We must push on with the fight against discrimination
Picture this: a world where there are an equal number of women to men recognised in publications like Forbes. Where it’s just as common to hear of female CEOs (and PM’s, presidents, directors… you get the gist) as male ones. Where there is zero gender bias in the workplace. Some may say we’re well on the way, but if there’s one thing all of the women we spoke to would emphatically agree with – it’s that well on the way is not enough. (And that’s if you even agree that we’re ‘well’ on the way at all).
“I can only hope that one day, as organisation's like ours succeed, the community we've worked so hard to form can extend into society to create a new norm for discrimination and oppression in the workplace,” Linnae from the University of Washington tells us, speaking about their scholarship’s mission to eradicate the discrimination that women face every day.
In the same vein, Lashawn of BlkWomensHustle describes how, “There are women making power moves who haven't made it to recognisable publications like Forbes or Black Enterprise, but whose work is worth acknowledging,” going on to describe how her organisation’s main goals is to make sure these women are recognised and celebrated.
We may be well on the way, we may be nowhere near.
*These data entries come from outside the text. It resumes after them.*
lemma cycle_edge_doubleton:
  assumes "distinct L" "2 \<le> length L"
  obtains a b where "cycle_edge L i = {a, b}" "a \<noteq> b" "a \<in> set L" "b \<in> set L"
proof -
  let ?n = "length L"
  have "0 < ?n"
    using assms(2) by linarith
  then have bounds: "i mod ?n < ?n" "Suc i mod ?n < ?n"
    by simp_all
  have "i mod ?n \<noteq> Suc i mod ?n"
    using assms(2) by (simp add: mod_Suc)
  then have "L ! (i mod ?n) \<noteq> L ! (Suc i mod ?n)"
    using bounds by (simp add: nth_eq_iff_index_eq[OF assms(1)])
  with bounds show ?thesis
    using that[of "L ! (i mod ?n)" "L ! (Suc i mod ?n)"] by (simp add: cycle_edge_def)
qed

lemma inj_on_cycle_edge:
  assumes "distinct L" "3 \<le> length L"
  shows "inj_on (cycle_edge L) {..<length L}"
proof (rule inj_onI)
  fix i j assume "i \<in> {..<length L}" "j \<in> {..<length L}" and eq: "cycle_edge L i = cycle_edge L j"
  let ?n = "length L"
  have "0 < ?n"
    using assms(2) by linarith
  then have ij: "i < ?n" "j < ?n" "Suc i mod ?n < ?n" "Suc j mod ?n < ?n"
    using \<open>i \<in> _\<close> \<open>j \<in> _\<close> by simp_all
  have "{L ! i, L ! (Suc i mod ?n)} = {L ! j, L ! (Suc j mod ?n)}"
    using eq ij by (simp add: cycle_edge_def)
  then have "i = j \<or> (i = Suc j mod ?n \<and> Suc i mod ?n = j)"
    using ij by (auto simp: doubleton_eq_iff nth_eq_iff_index_eq[OF assms(1)])
  then show "i = j"
    using ij assms(2) by (auto simp: Suc_mod_if[OF ij(1)] Suc_mod_if[OF ij(2)] split: if_splits)
qed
But one thing that’s certain is that we must not give up in our efforts to create a world where all women are equally as celebrated and encouraged as men.
It is essential that women are given – and continue to be given – a voice
“I set up Woman Fest UK, because the world needs a new story – and this is a place that those whose voices have been taken out of it can begin to tell a new one,” Tiana Jacout tells us in a goosebump-inducing summary of the festival she co-founded. Unlike your Glastonburys, Readings and Coachellas, Woman Fest UK is a 100% collaborative project, where the guests are also the headliners and half of all profits go to vital women’s charities, such as the Somerset and Avon Rape and Sexual Abuse Support charity. It’s a place where women can come together to celebrate all that makes them female, and to – as Tiana puts it – give them a voice while reworking the “strands of Sisterhood back together”.
What’s interesting is that Tiana wasn’t the only one to mention an urge to give women a voice. Going back to the University of Washington’s Women in Business Scholarship, Linnae talks about how their organisation was established to give women “a space where their voices could be heard”. Marie also spoke of how one of the main focuses of the ASB is to give its members a “greater combined voice”.
It’s another notably close alignment of ideas from a diverse set of women – each of which is clearly passionate about tackling the issue of their own gender’s voicelessness, all too recently highlighted by the likes of the Me Too and Time’s Up movements. And when you think about it, it all kind of comes full circle, drawing us back to that little but loaded word, ‘support’.
From giving women the voice they have a right to, through to tackling discrimination and lifting one another up, the only way we’re all going to make things change for the better is through working together.
That pretty much sums up the resounding and collective message of the inspiring women we interviewed in order to write this article. But there’s just one question left to answer…
How will YOU help forge a gender equal world?